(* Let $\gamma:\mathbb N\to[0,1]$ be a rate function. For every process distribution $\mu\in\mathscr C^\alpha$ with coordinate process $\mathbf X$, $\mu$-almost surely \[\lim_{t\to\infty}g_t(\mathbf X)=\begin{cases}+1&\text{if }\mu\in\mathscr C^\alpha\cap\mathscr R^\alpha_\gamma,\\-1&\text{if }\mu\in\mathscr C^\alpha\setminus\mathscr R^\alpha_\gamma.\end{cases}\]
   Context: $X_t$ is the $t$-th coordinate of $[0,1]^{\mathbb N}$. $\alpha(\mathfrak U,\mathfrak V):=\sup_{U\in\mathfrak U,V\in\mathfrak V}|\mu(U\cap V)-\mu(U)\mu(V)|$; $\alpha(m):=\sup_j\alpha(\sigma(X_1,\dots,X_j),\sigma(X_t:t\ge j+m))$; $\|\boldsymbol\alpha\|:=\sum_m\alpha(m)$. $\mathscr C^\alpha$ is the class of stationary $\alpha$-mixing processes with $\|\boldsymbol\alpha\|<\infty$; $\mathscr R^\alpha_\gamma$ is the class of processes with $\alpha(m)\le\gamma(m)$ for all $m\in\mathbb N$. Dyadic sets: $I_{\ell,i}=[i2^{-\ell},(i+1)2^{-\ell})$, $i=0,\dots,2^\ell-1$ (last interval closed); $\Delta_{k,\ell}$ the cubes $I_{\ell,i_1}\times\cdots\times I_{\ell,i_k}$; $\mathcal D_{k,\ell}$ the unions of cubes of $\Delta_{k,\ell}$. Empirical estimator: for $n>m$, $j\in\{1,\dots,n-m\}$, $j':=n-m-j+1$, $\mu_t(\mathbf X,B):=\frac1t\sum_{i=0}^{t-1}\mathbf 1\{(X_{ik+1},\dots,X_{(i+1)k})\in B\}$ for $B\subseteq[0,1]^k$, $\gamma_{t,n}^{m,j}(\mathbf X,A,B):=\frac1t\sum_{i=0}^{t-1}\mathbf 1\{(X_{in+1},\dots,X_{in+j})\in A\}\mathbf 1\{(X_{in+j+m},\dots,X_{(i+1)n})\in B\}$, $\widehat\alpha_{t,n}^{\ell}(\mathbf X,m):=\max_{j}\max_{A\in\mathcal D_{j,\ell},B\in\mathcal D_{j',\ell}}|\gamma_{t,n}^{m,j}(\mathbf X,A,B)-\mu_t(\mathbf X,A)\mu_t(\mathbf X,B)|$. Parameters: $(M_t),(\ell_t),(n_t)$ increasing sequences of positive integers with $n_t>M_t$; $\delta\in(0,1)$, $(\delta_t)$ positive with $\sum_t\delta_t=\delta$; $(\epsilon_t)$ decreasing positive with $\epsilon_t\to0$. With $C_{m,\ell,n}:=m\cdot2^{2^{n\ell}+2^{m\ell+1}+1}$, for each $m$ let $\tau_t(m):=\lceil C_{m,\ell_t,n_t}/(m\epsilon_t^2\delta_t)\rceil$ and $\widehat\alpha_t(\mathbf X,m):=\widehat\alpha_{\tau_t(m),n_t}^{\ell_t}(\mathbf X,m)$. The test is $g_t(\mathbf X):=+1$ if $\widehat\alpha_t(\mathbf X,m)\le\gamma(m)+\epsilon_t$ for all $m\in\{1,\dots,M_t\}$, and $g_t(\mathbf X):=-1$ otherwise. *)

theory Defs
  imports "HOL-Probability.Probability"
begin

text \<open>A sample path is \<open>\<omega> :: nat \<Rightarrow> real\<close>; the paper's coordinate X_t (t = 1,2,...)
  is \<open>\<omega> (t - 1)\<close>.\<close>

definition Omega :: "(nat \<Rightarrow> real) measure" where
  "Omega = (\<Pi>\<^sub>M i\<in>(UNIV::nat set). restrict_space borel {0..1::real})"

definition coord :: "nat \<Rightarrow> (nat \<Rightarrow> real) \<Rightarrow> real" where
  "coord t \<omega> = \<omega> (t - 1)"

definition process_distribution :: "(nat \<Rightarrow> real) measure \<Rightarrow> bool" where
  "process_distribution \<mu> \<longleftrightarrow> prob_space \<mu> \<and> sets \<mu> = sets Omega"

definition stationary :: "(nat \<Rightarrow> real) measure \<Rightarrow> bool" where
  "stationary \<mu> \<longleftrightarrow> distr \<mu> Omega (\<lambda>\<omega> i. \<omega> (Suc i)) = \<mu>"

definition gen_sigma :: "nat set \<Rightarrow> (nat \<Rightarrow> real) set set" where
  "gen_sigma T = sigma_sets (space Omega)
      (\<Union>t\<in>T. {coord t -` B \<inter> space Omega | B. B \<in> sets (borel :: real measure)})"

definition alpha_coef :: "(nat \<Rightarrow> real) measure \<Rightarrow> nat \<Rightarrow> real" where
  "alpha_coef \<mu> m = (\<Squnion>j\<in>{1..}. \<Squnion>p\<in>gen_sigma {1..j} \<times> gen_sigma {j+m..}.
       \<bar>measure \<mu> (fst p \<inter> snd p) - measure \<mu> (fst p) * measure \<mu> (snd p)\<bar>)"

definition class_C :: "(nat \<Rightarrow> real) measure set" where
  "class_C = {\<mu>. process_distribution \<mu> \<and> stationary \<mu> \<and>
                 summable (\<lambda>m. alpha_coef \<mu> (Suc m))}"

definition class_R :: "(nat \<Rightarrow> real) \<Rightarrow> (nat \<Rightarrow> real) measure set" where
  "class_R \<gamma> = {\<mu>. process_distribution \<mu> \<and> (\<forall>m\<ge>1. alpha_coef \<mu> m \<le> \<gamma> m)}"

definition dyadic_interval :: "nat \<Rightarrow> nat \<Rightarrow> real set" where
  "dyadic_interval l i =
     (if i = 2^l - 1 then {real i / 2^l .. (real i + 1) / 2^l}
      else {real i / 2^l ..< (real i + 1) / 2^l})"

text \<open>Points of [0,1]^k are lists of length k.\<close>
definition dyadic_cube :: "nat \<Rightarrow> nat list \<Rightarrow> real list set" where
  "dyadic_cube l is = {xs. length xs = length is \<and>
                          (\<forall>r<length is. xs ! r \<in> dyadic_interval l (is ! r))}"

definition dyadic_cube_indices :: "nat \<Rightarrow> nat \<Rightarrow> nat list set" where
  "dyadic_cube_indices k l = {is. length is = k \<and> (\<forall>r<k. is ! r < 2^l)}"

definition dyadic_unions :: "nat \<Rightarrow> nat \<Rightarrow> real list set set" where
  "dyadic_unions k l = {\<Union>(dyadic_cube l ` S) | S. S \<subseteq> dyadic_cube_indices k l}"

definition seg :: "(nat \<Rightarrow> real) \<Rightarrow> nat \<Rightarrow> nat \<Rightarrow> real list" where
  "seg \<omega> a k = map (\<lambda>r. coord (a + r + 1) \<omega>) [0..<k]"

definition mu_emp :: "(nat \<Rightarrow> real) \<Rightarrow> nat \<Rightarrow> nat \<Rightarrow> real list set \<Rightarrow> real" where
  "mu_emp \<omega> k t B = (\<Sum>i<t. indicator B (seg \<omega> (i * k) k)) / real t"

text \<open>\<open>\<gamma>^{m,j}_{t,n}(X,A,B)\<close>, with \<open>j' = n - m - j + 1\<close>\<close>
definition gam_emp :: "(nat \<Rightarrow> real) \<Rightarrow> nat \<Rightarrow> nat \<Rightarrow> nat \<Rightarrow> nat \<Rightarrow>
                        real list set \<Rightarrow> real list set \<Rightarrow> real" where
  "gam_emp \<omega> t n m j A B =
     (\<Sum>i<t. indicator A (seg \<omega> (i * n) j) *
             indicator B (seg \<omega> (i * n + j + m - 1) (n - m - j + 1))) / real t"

* * *

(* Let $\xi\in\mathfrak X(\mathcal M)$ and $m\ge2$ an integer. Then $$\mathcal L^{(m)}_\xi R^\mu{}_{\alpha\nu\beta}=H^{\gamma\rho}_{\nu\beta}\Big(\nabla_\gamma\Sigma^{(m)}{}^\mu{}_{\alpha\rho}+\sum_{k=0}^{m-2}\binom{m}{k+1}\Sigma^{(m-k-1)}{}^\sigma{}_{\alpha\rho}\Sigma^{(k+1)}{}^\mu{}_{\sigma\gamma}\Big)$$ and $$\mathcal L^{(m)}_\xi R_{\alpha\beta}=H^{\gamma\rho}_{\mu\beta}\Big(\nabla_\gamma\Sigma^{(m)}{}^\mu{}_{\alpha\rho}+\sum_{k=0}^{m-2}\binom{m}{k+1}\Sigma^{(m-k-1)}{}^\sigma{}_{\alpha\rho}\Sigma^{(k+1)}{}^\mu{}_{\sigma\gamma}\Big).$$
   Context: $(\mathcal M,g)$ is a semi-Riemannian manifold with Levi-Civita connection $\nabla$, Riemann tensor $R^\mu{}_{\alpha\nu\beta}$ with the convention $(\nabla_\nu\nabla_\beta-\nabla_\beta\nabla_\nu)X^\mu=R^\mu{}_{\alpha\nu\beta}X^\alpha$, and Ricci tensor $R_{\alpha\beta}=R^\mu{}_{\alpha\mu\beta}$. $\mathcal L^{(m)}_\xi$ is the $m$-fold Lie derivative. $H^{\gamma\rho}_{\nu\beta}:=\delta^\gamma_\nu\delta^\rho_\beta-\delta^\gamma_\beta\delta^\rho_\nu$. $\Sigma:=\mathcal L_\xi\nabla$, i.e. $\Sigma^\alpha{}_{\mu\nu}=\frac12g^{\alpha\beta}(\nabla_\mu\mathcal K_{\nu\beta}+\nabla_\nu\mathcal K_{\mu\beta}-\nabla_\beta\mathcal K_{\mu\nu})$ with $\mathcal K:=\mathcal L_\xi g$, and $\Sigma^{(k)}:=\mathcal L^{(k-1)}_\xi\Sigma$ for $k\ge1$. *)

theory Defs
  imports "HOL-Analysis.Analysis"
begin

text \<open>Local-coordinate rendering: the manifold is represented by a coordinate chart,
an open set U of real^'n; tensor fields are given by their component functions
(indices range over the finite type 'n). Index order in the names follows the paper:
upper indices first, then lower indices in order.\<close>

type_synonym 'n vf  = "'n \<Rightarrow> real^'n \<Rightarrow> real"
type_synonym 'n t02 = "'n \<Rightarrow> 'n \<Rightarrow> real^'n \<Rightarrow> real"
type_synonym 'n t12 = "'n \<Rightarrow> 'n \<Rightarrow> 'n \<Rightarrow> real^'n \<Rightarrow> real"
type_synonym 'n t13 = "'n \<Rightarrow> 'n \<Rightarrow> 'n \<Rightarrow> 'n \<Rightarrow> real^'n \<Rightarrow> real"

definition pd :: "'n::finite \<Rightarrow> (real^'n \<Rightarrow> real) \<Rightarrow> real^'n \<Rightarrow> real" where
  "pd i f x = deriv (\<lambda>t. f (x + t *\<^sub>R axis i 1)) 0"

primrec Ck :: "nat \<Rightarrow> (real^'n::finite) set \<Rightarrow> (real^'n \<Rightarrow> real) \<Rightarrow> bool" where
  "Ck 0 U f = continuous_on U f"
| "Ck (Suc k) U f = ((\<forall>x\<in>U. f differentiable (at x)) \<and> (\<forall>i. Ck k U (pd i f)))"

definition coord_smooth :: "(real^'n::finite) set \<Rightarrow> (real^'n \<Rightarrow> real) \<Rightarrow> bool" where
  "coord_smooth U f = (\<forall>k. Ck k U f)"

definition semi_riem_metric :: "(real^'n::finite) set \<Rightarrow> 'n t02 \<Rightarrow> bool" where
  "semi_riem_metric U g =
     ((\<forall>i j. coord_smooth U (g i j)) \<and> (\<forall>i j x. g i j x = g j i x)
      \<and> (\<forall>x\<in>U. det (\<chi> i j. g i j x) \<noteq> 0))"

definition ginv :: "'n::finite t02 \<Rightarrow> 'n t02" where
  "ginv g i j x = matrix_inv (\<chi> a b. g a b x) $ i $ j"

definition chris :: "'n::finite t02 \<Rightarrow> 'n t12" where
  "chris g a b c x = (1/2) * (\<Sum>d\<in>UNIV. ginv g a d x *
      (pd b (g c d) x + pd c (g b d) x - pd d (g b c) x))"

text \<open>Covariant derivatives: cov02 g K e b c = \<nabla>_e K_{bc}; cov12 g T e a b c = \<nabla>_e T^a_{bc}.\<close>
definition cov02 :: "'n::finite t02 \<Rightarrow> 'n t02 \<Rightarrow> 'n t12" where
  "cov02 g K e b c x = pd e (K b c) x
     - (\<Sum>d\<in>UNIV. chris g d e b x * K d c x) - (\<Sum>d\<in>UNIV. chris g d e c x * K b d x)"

- What you have to do -
Pick each line holding the word "order" out of the data and copy it.

- Answer below -
(indices range over the finite type 'n). Index order in the names follows the paper:
upper indices first, then lower indices in order.\<close>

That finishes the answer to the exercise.